13  Common Data Formats

13.1 CSV

Comma Separated Values

Code
data = """\
date,id,age
2020-01-01,x12,19
2020-01-02,x11,23
2020-01-02,x3,22
2020-01-03,x19,28
"""
print(data)
date,id,age
2020-01-01,x12,19
2020-01-02,x11,23
2020-01-02,x3,22
2020-01-03,x19,28
Code
from pathlib import Path
filepath = "/tmp/data.csv"
Path(filepath).write_text(data)

Loading data into a dataframe is not the only but one the most common ways to to load this data. We will use here pandas, a very popular library for data wrangling in python.

Install pandas:

uv add pandas
import pandas as pd

df = pd.read_csv(filepath)
df
date id age
0 2020-01-01 x12 19
1 2020-01-02 x11 23
2 2020-01-02 x3 22
3 2020-01-03 x19 28

We can also save a dataframe as csv:

df.to_csv("/tmp/data.csv", index=None)
!cat /tmp/data.csv
date,id,age
2020-01-01,x12,19
2020-01-02,x11,23
2020-01-02,x3,22
2020-01-03,x19,28

13.2 Excel

We can also read in data coming from an excel spreadsheet.

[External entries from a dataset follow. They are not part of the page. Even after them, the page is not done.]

(* Let $\mathcal E$ be a nonlinear order preserving form on $L^2(\mu)$. For measurable $w\colon X\to[0,\infty]$ let $K(w)=\int_X w\,Gw\,d\mu$, $\tilde K(w)=\inf\{C>0: K(w/C)\le1\}$ and $\mu(w)=\sup\{\|fw\|_1/\|f\|_L: f\in M(\mathcal E)\}$ (the optimal constant in the Hardy inequality $\int_X|f|w\,d\mu\le C\|f\|_L$). Then $\tilde K(w)\le\mu(w)\le2\tilde K(w)$.
   Context: $(X,\mathfrak A,\mu)$ is $\sigma$-finite. A nonlinear order preserving form is a lower semicontinuous convex $\mathcal E\colon L^2(\mu)\to[0,\infty]$ with $\mathcal E(-f)=\mathcal E(f)$, $\mathcal E(0)=0$ and $\mathcal E(f+|g|)+\mathcal E(f-|g|)\le\mathcal E(f+g)+\mathcal E(f-g)$ for all $f,g$. $M(\mathcal E)=\{f:\lim_{\lambda\to0+}\mathcal E(\lambda f)=0\}$, $\|f\|_L=\inf\{\lambda>0:\mathcal E(\lambda^{-1}f)\le1\}$. Resolvent: $G_\alpha f$ is the unique minimizer of $g\mapsto\mathcal E(g)+\frac\alpha2\|g-\alpha^{-1}f\|_2^2$; it is extended to nonnegative measurable functions by monotone limits, and the Green operator is $Gf=\lim_{\alpha\to0+}G_\alpha f$. In $K(w)$ the convention $0\cdot\infty=0$ is used. *)

theory Defs
  imports "HOL-Analysis.Analysis"
begin

text \<open>Square integrable (real valued, measurable) functions; L^2(mu) is represented
  by representatives, and all notions below are invariant under a.e. equality.\<close>
definition L2 :: "'a measure \<Rightarrow> ('a \<Rightarrow> real) set" where
  "L2 M = {f \<in> borel_measurable M. integrable M (\<lambda>x. (f x)^2)}"

definition nonlinear_order_preserving_form ::
  "'a measure \<Rightarrow> (('a \<Rightarrow> real) \<Rightarrow> ennreal) \<Rightarrow> bool" where
  "nonlinear_order_preserving_form M E \<longleftrightarrow>
     (\<forall>f\<in>L2 M. \<forall>g\<in>L2 M. (AE x in M. f x = g x) \<longrightarrow> E f = E g) \<and>
     (\<forall>f\<in>L2 M. \<forall>g\<in>L2 M. \<forall>t::real. 0 \<le> t \<and> t \<le> 1 \<longrightarrow>
        E (\<lambda>x. t * f x + (1 - t) * g x) \<le> ennreal t * E f + ennreal (1 - t) * E g) \<and>
     (\<forall>F f. (\<forall>n. F n \<in> L2 M) \<and> f \<in> L2 M \<and>
        ((\<lambda>n. \<integral>x. (F n x - f x)^2 \<partial>M) \<longlonglongrightarrow> 0)
        \<longrightarrow> E f \<le> liminf (\<lambda>n. E (F n))) \<and>
     (\<forall>f\<in>L2 M. E (\<lambda>x. - f x) = E f) \<and>
     E (\<lambda>x. 0) = 0 \<and>
     (\<forall>f\<in>L2 M. \<forall>g\<in>L2 M.
        E (\<lambda>x. f x + \<bar>g x\<bar>) + E (\<lambda>x. f x - \<bar>g x\<bar>) \<le> E (\<lambda>x. f x + g x) + E (\<lambda>x. f x - g x))"

definition resolvent_L2 ::
  "'a measure \<Rightarrow> (('a \<Rightarrow> real) \<Rightarrow> ennreal) \<Rightarrow> real \<Rightarrow> ('a \<Rightarrow> real) \<Rightarrow> ('a \<Rightarrow> real)" where
  "resolvent_L2 M E \<alpha> f = (SOME g. g \<in> L2 M \<and>
     (\<forall>h\<in>L2 M. E g + ennreal (\<alpha> / 2 * (\<integral>x. (g x - f x / \<alpha>)^2 \<partial>M))
               \<le> E h + ennreal (\<alpha> / 2 * (\<integral>x. (h x - f x / \<alpha>)^2 \<partial>M))))"

definition exhaust :: "'a measure \<Rightarrow> nat \<Rightarrow> 'a set" where
  "exhaust M = (SOME A. range A \<subseteq> sets M \<and> \<Union>(range A) = space M \<and>
                   (\<forall>i. emeasure M (A i) \<noteq> \<infinity>) \<and> incseq A)"

text \<open>Extension of the resolvent to nonnegative measurable functions by monotone limits
  along the increasing L^2 approximations min(f,n) * 1_{A_n}.\<close>
definition resolvent :: "'a measure \<Rightarrow> (('a \<Rightarrow> real) \<Rightarrow> ennreal) \<Rightarrow> real \<Rightarrow> ('a \<Rightarrow> ennreal) \<Rightarrow> 'a \<Rightarrow> ennreal" where
  "resolvent M E \<alpha> f = (\<lambda>x. SUP n. ennreal (resolvent_L2 M E \<alpha>
      (\<lambda>y. enn2real (min (f y) (of_nat n)) * indicator (exhaust M n) y) x))"

text \<open>Green operator: G f = lim_{alpha -> 0+} G_alpha f (monotone in alpha), along alpha = 1/(n+1).\<close>
definition green :: "'a measure \<Rightarrow> (('a \<Rightarrow> real) \<Rightarrow> ennreal) \<Rightarrow> ('a \<Rightarrow> ennreal) \<Rightarrow> 'a \<Rightarrow> ennreal" where
  "green M E f = (\<lambda>x. SUP n. resolvent M E (1 / real (Suc n)) f x)"

definition Kfun :: "'a measure \<Rightarrow> (('a \<Rightarrow> real) \<Rightarrow> ennreal) \<Rightarrow> ('a \<Rightarrow> ennreal) \<Rightarrow> ennreal" where
  "Kfun M E w = (\<integral>\<^sup>+ x. w x * green M E w x \<partial>M)"

definition Ktilde :: "'a measure \<Rightarrow> (('a \<Rightarrow> real) \<Rightarrow> ennreal) \<Rightarrow> ('a \<Rightarrow> ennreal) \<Rightarrow> ennreal" where
  "Ktilde M E w = (INF C \<in> {C::real. 0 < C \<and> Kfun M E (\<lambda>x. w x / ennreal C) \<le> 1}. ennreal C)"

definition Lnorm :: "'a measure \<Rightarrow> (('a \<Rightarrow> real) \<Rightarrow> ennreal) \<Rightarrow> ('a \<Rightarrow> real) \<Rightarrow> ennreal" where
  "Lnorm M E f = (INF l \<in> {l::real. 0 < l \<and> E (\<lambda>x. f x / l) \<le> 1}. ennreal l)"

definition ME :: "'a measure \<Rightarrow> (('a \<Rightarrow> real) \<Rightarrow> ennreal) \<Rightarrow> ('a \<Rightarrow> real) set" where
  "ME M E = {f \<in> L2 M. ((\<lambda>l::real. E (\<lambda>x. l * f x)) \<longlongrightarrow> 0) (at_right 0)}"

text \<open>mu(w) = sup of norm(f w)_1 / norm(f)_L over f in M(E) (ennreal division: x/0 = infinity for x > 0).\<close>
definition hardy_const :: "'a measure \<Rightarrow> (('a \<Rightarrow> real) \<Rightarrow> ennreal) \<Rightarrow> ('a \<Rightarrow> ennreal) \<Rightarrow> ennreal" where
  "hardy_const M E w = (SUP f \<in> ME M E. (\<integral>\<^sup>+ x. ennreal \<bar>f x\<bar> * w x \<partial>M) / Lnorm M E f)"

end

theory Submission
  imports Defs
begin

(*
  The resolvent G_alpha f is the minimiser of  E g + alpha/2 ||g - f/alpha||^2  over L^2. This functional
  is strongly convex and lower semicontinuous, so minimising sequences converge in L^2. Comparing two
  minimisers g1, g2 with their pointwise min and max, the order preserving property shows that
  min g1 g2 is again a minimiser; hence G_alpha is monotone in f and antitone in alpha, and the Green
  function G w is the supremum of the diagonal approximations G_(1/(j+1)) applied to truncations of w.

  mu(w) <= 2 Ktilde(w): the optimality condition for g = G_alpha v says that v - alpha g is a
  subgradient of E at g. With v a truncation of w this gives, as alpha -> 0, the Young type inequality
  int |h| w <= E(h) + K(w). Applied to h = f/l and w/C with E(f/l) <= 1 and K(w/C) <= 1 it bounds
  int |f| w by 2 C l.

  Ktilde(w) <= mu(w): let mu(w) < 1, 0 <= v <= w and g = G_alpha v. Then E(g) <= int v g =: k, so
  ||g||_L <= max 1 k, and the Hardy inequality gives k <= int |g| w <= mu(w) max 1 k. This forces
  k <= 1 and then int w g <= mu(w); taking suprema, K(w) <= mu(w). Scaling w by C > mu(w) yields
  K(w/C) <= 1.
*)

lemma square_dist_min_max_le:
  fixes a y1 y2 c1 c2 :: real
  assumes "0 < a" and "c1 \<le> c2"
  shows "a/2 * (min y1 y2 - c1/a)\<^sup>2 + a/2 * (max y1 y2 - c2/a)\<^sup>2 \<le> a/2 * (y1 - c1/a)\<^sup>2 + a/2 * (y2 - c2/a)\<^sup>2"
proof (cases "y1 \<le> y2")
  case False
  have "a/2 * (y1 - c1/a)\<^sup>2 + a/2 * (y2 - c2/a)\<^sup>2 - (a/2 * (y2 - c1/a)\<^sup>2 + a/2 * (y1 - c2/a)\<^sup>2)
      = (y1 - y2) * (c2 - c1)"
    using \<open>0 < a\<close> by (simp add: power2_eq_square field_simps)
  moreover have "0 \<le> (y1 - y2) * (c2 - c1)" using False \<open>c1 \<le> c2\<close> by simp
  ultimately show ?thesis using False by simp
qed simp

df.to_excel("/tmp/data.xlsx", index=None)
pd.read_excel("/tmp/data.xlsx")
date id age
0 2020-01-01 x12 19
1 2020-01-02 x11 23
2 2020-01-02 x3 22
3 2020-01-03 x19 28

13.3 JSON

JSON (JavaScript Object Notation) is by far one of the most used data formats, nowadays the default format to transfer data over the internet. It is also very commonly used for configuration files and logging.

flat = {
  "name": "John Doe",
  "age": 25
}

nested = {
  "name": {
    "firstName": "John",
    "lastName": "Doe",
    "middleName": "Smith"
  },
  "age": 25,
  "hobbies": ["reading", "writing"]
}

13.3.1 Encoding

Also called “serialization”.

import json

flat_str = json.dumps(flat)
flat_str
'{"name": "John Doe", "age": 25}'
nested_str = json.dumps(nested)
nested_str
'{"name": {"firstName": "John", "lastName": "Doe", "middleName": "Smith"}, "age": 25, "hobbies": ["reading", "writing"]}'
arr_str = json.dumps(arr)
arr_str
'{"name": "John Doe", "age": 25, "hobbies": ["reading", "writing"]}'
Path("/tmp/flat.json").write_text(flat_str)
Path("/tmp/nested.json").write_text(nested_str)

13.3.2 Decoding

Also called “deserialization”.

json.load(
    Path("/tmp/flat.json").open()
)
{'name': 'John Doe', 'age': 25}
json.loads(
    Path("/tmp/flat.json").read_text()
)
{'name': 'John Doe', 'age': 25}
json.load(
    Path("/tmp/nested.json").open()
)
{'name': {'firstName': 'John', 'lastName': 'Doe', 'middleName': 'Smith'},
 'age': 25,
 'hobbies': ['reading', 'writing']}
json.loads(
    Path("/tmp/nested.json").read_text()
)
{'name': {'firstName': 'John', 'lastName': 'Doe', 'middleName': 'Smith'},
 'age': 25,
 'hobbies': ['reading', 'writing']}

Notice we load the data into a python dictionary:

out = json.loads(
    Path("/tmp/nested.json").read_text()
)
type(out)
dict

We can also store a list as JSON array:

Path("/tmp/arr.json").write_text(
    json.dumps([
        {"a": 1},
        {"b": 2},
    ])
)
out = json.load(Path("/tmp/arr.json").open())
print(type(out))
out
<class 'list'>
[{'a': 1}, {'b': 2}]

13.4 Parquet

Parquet is a column oriented format. For a number of reasons, this format is much more efficient than csv and other formats.

df
date id age
0 2020-01-01 x12 19
1 2020-01-02 x11 23
2 2020-01-02 x3 22
3 2020-01-03 x19 28

With pandas we can save data to a parquet file:

df.to_parquet("/tmp/data.parquet")

And read in:

pd.read_parquet("/tmp/data.parquet")
date id age
0 2020-01-01 x12 19
1 2020-01-02 x11 23
2 2020-01-02 x3 22
3 2020-01-03 x19 28
Tip

Prefer parquet format when possible. It is faster to read and it stores metadata that can be used by libraries for optimization, for example, applying some filters.